Dataset Block Start
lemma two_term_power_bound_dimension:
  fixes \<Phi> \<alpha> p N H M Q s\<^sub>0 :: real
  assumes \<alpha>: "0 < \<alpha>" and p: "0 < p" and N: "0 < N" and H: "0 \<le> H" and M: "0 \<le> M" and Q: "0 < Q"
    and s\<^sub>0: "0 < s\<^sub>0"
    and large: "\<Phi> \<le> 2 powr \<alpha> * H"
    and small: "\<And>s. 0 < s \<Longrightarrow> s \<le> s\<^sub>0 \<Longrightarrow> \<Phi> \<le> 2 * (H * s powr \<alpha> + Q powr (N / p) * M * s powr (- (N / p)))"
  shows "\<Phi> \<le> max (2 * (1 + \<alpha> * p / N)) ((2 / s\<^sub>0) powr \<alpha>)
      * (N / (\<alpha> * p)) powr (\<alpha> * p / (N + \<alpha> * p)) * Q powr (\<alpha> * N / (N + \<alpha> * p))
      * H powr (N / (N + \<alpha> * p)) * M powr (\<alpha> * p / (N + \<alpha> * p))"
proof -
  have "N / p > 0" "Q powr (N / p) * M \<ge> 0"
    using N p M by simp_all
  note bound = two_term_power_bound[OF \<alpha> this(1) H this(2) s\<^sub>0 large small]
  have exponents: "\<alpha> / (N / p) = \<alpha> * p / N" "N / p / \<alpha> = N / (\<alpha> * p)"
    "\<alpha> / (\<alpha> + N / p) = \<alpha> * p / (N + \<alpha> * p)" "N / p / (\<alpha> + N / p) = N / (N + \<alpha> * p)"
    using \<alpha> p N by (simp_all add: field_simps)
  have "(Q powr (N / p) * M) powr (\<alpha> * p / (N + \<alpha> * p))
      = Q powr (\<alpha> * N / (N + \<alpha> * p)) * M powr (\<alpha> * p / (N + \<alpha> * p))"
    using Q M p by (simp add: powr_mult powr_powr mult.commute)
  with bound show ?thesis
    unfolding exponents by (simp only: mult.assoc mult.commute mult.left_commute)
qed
Dataset Block End
Dataset Block Start
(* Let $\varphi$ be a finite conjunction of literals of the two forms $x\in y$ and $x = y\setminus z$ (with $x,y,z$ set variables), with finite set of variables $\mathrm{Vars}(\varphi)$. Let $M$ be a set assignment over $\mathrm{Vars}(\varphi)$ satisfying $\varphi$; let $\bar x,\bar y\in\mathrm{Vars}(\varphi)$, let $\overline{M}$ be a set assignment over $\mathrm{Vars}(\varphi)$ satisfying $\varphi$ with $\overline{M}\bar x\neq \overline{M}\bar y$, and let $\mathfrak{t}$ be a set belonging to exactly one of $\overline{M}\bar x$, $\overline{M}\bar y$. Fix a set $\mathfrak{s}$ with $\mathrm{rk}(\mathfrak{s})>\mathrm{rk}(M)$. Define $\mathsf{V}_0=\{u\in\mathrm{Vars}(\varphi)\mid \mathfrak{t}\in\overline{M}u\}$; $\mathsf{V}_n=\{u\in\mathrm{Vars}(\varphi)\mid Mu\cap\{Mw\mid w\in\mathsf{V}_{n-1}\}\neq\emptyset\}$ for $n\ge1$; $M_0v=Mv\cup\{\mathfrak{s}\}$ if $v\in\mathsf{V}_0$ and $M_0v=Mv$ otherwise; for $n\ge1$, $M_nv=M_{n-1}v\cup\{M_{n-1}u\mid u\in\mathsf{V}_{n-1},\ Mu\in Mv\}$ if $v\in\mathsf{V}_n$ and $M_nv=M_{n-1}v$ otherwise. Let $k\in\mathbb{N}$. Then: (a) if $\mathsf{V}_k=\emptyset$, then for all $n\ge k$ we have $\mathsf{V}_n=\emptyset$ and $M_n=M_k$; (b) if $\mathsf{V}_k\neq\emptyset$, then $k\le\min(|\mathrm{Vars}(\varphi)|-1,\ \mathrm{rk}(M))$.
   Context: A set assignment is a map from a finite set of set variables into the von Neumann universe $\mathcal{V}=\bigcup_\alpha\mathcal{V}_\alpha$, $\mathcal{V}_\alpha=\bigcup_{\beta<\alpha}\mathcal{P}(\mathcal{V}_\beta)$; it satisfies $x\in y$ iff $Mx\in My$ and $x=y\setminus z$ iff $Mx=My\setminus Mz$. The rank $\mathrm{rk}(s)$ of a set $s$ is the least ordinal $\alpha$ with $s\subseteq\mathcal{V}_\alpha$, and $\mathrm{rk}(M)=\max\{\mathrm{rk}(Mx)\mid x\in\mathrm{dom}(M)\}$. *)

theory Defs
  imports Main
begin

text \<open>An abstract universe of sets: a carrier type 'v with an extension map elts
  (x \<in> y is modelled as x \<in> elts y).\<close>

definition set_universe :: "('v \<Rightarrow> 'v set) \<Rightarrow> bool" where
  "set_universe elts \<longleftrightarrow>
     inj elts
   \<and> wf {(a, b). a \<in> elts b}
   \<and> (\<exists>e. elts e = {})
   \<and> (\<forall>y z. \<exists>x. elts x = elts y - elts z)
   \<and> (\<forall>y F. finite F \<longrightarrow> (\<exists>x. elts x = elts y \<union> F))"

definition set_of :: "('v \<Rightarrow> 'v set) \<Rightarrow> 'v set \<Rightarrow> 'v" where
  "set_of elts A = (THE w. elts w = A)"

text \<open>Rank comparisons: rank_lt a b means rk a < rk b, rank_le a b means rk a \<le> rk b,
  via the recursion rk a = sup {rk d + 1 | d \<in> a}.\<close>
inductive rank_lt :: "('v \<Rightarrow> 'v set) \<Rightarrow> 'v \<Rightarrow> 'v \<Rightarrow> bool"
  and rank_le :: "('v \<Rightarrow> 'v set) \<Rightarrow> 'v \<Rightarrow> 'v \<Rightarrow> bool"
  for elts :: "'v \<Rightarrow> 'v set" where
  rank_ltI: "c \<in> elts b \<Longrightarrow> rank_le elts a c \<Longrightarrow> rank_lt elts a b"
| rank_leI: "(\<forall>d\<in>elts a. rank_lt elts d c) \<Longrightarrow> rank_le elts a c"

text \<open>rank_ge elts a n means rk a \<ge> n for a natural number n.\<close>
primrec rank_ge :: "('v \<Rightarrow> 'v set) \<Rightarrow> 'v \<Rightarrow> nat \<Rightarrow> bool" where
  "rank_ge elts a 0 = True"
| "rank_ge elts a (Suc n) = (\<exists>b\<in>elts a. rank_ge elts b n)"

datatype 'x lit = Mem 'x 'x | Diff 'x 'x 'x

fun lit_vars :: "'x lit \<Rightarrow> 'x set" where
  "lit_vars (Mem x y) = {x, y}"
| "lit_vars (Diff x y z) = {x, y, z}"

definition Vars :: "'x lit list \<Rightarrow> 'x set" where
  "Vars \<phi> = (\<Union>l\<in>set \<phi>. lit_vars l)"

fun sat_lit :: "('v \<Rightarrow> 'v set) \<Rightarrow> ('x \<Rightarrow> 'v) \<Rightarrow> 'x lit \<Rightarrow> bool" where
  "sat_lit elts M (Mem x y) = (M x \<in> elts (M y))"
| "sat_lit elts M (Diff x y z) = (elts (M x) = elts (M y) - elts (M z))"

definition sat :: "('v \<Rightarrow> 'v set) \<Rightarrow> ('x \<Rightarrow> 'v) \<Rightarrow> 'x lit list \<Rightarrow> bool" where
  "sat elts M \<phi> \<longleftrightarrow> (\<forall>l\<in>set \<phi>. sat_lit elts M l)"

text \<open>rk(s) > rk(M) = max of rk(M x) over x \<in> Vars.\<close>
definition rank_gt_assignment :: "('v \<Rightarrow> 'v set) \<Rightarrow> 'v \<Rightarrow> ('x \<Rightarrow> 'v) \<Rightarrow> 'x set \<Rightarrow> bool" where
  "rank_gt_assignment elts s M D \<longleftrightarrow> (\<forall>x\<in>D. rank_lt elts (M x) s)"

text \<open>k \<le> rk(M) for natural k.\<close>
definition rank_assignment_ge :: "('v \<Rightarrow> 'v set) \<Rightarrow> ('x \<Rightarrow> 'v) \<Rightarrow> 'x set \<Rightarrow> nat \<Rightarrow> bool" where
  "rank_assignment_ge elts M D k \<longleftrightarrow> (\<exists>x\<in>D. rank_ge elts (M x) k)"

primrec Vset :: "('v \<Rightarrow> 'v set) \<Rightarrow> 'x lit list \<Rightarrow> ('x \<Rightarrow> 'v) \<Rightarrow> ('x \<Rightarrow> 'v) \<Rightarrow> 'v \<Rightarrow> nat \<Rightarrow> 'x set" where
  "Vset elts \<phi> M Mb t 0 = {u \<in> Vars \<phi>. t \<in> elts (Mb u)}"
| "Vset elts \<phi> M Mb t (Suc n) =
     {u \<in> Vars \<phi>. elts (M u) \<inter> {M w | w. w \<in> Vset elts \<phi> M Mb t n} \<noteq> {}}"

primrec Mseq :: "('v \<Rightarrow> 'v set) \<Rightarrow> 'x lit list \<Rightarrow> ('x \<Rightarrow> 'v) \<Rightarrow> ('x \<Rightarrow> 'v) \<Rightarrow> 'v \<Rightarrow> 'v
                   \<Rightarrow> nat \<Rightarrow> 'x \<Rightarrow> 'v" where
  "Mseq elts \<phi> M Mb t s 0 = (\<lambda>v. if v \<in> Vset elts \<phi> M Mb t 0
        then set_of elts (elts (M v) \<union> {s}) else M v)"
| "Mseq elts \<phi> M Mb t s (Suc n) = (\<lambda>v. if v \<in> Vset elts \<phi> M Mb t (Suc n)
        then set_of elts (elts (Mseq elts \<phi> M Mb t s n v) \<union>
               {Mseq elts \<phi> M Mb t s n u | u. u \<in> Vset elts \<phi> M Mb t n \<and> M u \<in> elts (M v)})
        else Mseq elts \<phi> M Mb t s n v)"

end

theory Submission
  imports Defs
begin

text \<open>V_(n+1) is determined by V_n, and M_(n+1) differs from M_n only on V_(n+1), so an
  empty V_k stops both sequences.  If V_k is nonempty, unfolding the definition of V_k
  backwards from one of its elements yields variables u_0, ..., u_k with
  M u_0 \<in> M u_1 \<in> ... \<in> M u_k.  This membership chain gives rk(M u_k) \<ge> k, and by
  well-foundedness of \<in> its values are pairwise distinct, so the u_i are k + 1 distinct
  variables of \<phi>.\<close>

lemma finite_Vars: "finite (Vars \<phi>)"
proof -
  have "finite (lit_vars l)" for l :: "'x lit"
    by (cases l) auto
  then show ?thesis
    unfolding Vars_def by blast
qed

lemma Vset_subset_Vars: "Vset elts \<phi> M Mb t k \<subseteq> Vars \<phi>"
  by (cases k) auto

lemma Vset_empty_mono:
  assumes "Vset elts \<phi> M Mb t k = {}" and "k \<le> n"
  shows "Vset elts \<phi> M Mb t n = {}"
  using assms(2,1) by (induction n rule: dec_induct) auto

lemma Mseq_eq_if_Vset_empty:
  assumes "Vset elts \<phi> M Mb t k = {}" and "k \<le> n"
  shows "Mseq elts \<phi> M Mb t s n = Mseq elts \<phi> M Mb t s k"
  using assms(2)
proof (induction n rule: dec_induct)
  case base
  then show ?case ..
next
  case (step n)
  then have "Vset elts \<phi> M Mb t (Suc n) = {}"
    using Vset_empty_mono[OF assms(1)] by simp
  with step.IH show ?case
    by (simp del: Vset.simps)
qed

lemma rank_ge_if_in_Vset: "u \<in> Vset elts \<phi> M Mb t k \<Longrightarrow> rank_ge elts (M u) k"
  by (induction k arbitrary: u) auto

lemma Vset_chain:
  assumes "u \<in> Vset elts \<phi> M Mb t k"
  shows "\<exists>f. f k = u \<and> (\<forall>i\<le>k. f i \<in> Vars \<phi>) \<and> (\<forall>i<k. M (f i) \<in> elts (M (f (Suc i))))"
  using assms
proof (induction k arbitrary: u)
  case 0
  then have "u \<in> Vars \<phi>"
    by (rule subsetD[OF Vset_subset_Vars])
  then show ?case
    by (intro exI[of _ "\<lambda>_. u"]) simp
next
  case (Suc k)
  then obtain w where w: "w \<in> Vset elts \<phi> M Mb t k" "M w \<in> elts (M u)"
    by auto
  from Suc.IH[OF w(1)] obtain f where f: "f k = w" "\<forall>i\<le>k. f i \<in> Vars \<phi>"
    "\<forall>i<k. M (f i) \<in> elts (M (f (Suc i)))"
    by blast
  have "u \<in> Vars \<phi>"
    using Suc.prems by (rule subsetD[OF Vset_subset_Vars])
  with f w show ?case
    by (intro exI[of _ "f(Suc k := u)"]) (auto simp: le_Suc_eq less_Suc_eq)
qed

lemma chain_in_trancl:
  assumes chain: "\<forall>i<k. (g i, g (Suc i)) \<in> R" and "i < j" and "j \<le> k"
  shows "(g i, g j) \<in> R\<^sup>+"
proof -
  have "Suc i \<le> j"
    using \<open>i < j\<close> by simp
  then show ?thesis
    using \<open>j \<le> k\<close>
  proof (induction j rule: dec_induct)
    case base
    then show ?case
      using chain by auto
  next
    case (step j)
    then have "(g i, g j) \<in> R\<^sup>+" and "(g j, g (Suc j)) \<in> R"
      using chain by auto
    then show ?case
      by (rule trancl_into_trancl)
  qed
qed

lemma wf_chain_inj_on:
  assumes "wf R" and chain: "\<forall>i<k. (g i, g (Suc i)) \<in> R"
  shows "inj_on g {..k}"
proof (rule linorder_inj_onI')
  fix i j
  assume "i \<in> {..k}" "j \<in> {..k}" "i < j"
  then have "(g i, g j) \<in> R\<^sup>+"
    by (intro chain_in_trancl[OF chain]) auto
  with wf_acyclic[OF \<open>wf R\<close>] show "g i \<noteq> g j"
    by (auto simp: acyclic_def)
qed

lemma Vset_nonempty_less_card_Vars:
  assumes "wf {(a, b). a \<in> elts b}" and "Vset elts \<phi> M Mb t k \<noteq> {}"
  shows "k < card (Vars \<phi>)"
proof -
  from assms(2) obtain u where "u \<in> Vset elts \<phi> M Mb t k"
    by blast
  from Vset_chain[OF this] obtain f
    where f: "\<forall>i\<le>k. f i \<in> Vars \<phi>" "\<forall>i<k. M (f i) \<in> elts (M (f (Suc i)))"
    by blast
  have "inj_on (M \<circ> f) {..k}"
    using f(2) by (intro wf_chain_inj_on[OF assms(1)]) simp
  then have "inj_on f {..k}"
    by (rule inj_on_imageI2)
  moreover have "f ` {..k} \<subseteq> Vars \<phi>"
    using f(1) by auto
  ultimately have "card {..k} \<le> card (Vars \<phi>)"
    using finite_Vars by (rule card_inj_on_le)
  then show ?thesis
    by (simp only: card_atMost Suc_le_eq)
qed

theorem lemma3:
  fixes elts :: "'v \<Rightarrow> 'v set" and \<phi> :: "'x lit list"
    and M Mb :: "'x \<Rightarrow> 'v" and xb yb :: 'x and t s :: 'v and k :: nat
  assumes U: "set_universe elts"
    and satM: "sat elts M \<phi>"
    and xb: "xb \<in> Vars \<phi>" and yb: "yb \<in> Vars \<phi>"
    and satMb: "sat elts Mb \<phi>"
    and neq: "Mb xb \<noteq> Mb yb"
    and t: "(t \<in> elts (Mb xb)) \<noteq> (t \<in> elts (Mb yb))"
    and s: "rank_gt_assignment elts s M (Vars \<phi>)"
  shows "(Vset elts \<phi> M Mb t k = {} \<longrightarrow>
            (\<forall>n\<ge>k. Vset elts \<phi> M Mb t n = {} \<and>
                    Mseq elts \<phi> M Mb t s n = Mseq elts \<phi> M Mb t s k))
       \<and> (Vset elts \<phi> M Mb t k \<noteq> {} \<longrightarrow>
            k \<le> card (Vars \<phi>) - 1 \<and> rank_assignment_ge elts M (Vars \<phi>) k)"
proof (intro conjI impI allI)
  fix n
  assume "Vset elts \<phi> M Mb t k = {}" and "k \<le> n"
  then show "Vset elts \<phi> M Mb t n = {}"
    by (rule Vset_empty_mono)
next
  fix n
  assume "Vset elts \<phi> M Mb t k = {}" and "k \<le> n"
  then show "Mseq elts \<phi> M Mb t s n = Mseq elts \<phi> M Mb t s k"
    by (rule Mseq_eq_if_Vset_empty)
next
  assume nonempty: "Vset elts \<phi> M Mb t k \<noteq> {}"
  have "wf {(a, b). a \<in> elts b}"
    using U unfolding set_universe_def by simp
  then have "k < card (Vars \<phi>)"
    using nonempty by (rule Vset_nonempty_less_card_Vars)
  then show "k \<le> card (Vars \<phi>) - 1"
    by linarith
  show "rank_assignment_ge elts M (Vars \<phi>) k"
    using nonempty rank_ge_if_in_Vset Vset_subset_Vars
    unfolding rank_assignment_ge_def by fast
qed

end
Dataset Block End
Dataset Block Start
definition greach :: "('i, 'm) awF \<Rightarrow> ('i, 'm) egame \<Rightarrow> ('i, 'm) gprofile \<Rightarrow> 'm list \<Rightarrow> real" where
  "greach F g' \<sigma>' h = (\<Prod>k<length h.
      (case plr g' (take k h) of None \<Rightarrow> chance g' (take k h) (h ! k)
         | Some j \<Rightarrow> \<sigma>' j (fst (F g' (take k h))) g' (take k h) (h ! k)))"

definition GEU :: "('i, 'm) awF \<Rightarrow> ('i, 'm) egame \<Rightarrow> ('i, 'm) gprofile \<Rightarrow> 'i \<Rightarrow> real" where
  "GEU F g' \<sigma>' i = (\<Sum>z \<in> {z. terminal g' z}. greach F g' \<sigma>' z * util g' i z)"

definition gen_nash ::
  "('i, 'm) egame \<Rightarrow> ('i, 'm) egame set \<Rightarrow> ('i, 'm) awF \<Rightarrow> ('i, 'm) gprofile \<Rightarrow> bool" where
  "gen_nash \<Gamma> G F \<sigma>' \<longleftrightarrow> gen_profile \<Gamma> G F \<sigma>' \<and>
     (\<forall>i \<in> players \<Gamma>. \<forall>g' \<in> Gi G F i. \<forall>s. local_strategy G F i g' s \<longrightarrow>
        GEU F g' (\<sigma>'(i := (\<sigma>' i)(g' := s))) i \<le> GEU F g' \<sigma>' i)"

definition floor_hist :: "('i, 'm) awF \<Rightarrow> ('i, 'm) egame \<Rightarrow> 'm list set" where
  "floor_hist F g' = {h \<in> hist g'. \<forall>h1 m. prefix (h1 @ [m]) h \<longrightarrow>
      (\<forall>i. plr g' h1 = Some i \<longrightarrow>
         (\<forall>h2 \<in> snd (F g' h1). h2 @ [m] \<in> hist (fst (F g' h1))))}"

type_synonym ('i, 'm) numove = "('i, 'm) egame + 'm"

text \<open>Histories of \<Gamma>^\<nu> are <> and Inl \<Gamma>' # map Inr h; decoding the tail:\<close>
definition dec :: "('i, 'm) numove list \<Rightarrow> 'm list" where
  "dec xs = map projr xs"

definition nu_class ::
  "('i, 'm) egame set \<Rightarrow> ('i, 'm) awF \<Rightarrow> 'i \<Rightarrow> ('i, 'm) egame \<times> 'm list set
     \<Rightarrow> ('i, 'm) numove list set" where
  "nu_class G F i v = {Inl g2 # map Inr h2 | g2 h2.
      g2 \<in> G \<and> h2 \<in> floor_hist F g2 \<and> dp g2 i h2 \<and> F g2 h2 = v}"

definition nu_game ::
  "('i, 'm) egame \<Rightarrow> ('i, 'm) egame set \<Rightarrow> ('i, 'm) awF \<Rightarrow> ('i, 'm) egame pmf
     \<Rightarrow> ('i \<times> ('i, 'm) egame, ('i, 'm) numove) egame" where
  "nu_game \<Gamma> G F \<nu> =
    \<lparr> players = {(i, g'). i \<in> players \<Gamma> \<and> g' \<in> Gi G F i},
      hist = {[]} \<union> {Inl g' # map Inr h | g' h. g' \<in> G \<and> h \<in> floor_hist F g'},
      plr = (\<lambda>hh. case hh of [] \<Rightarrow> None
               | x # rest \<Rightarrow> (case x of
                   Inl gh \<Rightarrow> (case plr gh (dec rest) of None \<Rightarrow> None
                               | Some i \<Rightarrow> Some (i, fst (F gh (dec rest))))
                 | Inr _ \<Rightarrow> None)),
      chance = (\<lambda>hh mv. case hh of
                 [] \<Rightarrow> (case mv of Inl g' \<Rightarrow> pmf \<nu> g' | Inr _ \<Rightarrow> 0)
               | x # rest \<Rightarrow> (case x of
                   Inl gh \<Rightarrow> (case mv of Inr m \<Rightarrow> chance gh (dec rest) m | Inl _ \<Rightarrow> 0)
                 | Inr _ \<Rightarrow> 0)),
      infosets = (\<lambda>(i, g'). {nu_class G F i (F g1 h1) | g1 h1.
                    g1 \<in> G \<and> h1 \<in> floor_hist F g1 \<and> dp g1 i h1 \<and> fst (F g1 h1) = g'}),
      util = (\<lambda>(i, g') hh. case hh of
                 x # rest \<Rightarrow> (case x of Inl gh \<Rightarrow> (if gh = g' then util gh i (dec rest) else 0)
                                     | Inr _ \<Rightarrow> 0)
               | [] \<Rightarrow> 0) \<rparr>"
Dataset Block End
For the lines above, output exactly those from the line containing "egame \<times> 'm list set" through the line containing "egame, ('i, 'm)", and skip the others.

  "('i, 'm) egame set \<Rightarrow> ('i, 'm) awF \<Rightarrow> 'i \<Rightarrow> ('i, 'm) egame \<times> 'm list set
     \<Rightarrow> ('i, 'm) numove list set" where
  "nu_class G F i v = {Inl g2 # map Inr h2 | g2 h2.
      g2 \<in> G \<and> h2 \<in> floor_hist F g2 \<and> dp g2 i h2 \<and> F g2 h2 = v}"

definition nu_game ::
  "('i, 'm) egame \<Rightarrow> ('i, 'm) egame set \<Rightarrow> ('i, 'm) awF \<Rightarrow> ('i, 'm) egame pmf
     \<Rightarrow> ('i \<times> ('i, 'm) egame, ('i, 'm) numove) egame" where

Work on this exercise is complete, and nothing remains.